-
Notifications
You must be signed in to change notification settings - Fork 0
R Compatibility
HarmonizePy is validated against three R reference implementations:
-
sva::ComBat(Bioconductor sva v3.60.0) -
limma::removeBatchEffect(Bioconductor limma) -
HarmonizRv1.10.0 (Bioconductor)
This page describes what is validated, the numerical tolerances achieved, and the known differences between HarmonizePy and the R implementations.
The parity validation covers:
- All four ComBat modes and limma on dense synthetic data
- Per-cell NaN handling on real murine medulloblastoma data (4753 features, 25 samples, 4 batches, 49% missing)
- DIA proteomics data (8470 features, 36 samples, 2 batches)

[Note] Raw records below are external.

definition max_dot :: "(int \<times> int) set \<Rightarrow> int \<times> int \<Rightarrow> int" where
  "max_dot S u = Max ((\<lambda>s. int_dot s u) ` S)"

definition min_dot :: "(int \<times> int) set \<Rightarrow> int \<times> int \<Rightarrow> int" where
  "min_dot S u = Min ((\<lambda>s. int_dot s u) ` S)"

definition dot_width :: "(int \<times> int) set \<Rightarrow> int \<times> int \<Rightarrow> int" where
  "dot_width S u = max_dot S u - min_dot S u"

lemma pair_dot_lattice_pt: "pair_dot (lattice_pt s) u = real_of_int (int_dot s u)"
  by (simp add: pair_dot_def lattice_pt_def int_dot_def)

lemma pair_dot_eq_inner: "pair_dot P u = inner (real_of_int (fst u), real_of_int (snd u)) P"
  by (cases P) (simp add: pair_dot_def inner_real_def mult.commute)

lemma min_dot_le_int_dot: "finite S \<Longrightarrow> s \<in> S \<Longrightarrow> min_dot S u \<le> int_dot s u"
  unfolding min_dot_def by simp

lemma int_dot_le_max_dot: "finite S \<Longrightarrow> s \<in> S \<Longrightarrow> int_dot s u \<le> max_dot S u"
  unfolding max_dot_def by simp

lemma max_dot_attained:
  assumes "finite S" "S \<noteq> {}"
  obtains s where "s \<in> S" "int_dot s u = max_dot S u"
  using Max_in[of "(\<lambda>s. int_dot s u) ` S"] assms unfolding max_dot_def by fastforce

lemma min_dot_attained:
  assumes "finite S" "S \<noteq> {}"
  obtains s where "s \<in> S" "int_dot s u = min_dot S u"
  using Min_in[of "(\<lambda>s. int_dot s u) ` S"] assms unfolding min_dot_def by fastforce

lemma abs_int_dot_diff_le_dot_width:
  assumes "finite S" "s \<in> S" "t \<in> S"
  shows "\<bar>int_dot s u - int_dot t u\<bar> \<le> dot_width S u"
  using min_dot_le_int_dot[OF assms(1,2), of u] int_dot_le_max_dot[OF assms(1,2), of u]
    min_dot_le_int_dot[OF assms(1,3), of u] int_dot_le_max_dot[OF assms(1,3), of u]
  unfolding dot_width_def abs_le_iff by linarith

- Full pipeline: blocking, sort+block,
unique_removaltoggle, and the combined stress case (sort + block + unique_removal + per-cell NaN) - Synthetic datasets at small, medium, and SCP-scale
| Method | Dense tolerance | Murine real data (max_rel) | NaN positions match |
|---|---|---|---|
| ComBat mode 1 (parametric, loc+scale) | 2e-5 | 0.0003 | Yes |
| ComBat mode 2 (parametric, loc only) | 1e-9 | 0.0000 | Note 1 |
| ComBat mode 3 (non-parametric, loc+scale) | 5e-4 | 0.0000 | Yes |
| ComBat mode 4 (non-parametric, loc only) | 1e-9 | 0.0000 | Note 1 |
| limma removeBatchEffect | 1e-9 | 0.0000 | Yes |
Note 1: Modes 2 and 4 with R: R drops 229 additional features due to an interaction between mean_only=TRUE and single-feature groups. HarmonizePy retains those features as all-NaN rows. On the shared subset of features, values match perfectly (0.0000).
The following differences are intentional. None affect the corrected values for features that both implementations process.
A feature with a batch-presence pattern that appears only once (singleton group) has no other features to share the ComBat EB prior with. R drops the feature entirely. HarmonizePy keeps it with its original (uncorrected) values.
When this occurs: only when exactly 1 feature has a given batch-presence pattern and that pattern involves 2 or more batches. On the murine dataset (4753 features), this never occurs. On a medium synthetic dataset (5000 features), it affects roughly 32 of 4968 features.
Practical effect: the affected features retain their original batch effects. They appear in the output and can be filtered downstream if needed. The correction of all other features is unaffected.
Features with no qualifying batch (below the needed_values threshold in every batch) appear as all-NaN rows in the HarmonizePy output. R omits these features from the output entirely, producing a matrix with fewer rows.
Practical effect: the output matrix shape differs by the number of such features. The HarmonizePy convention produces a predictable output shape that matches the input regardless of data quality.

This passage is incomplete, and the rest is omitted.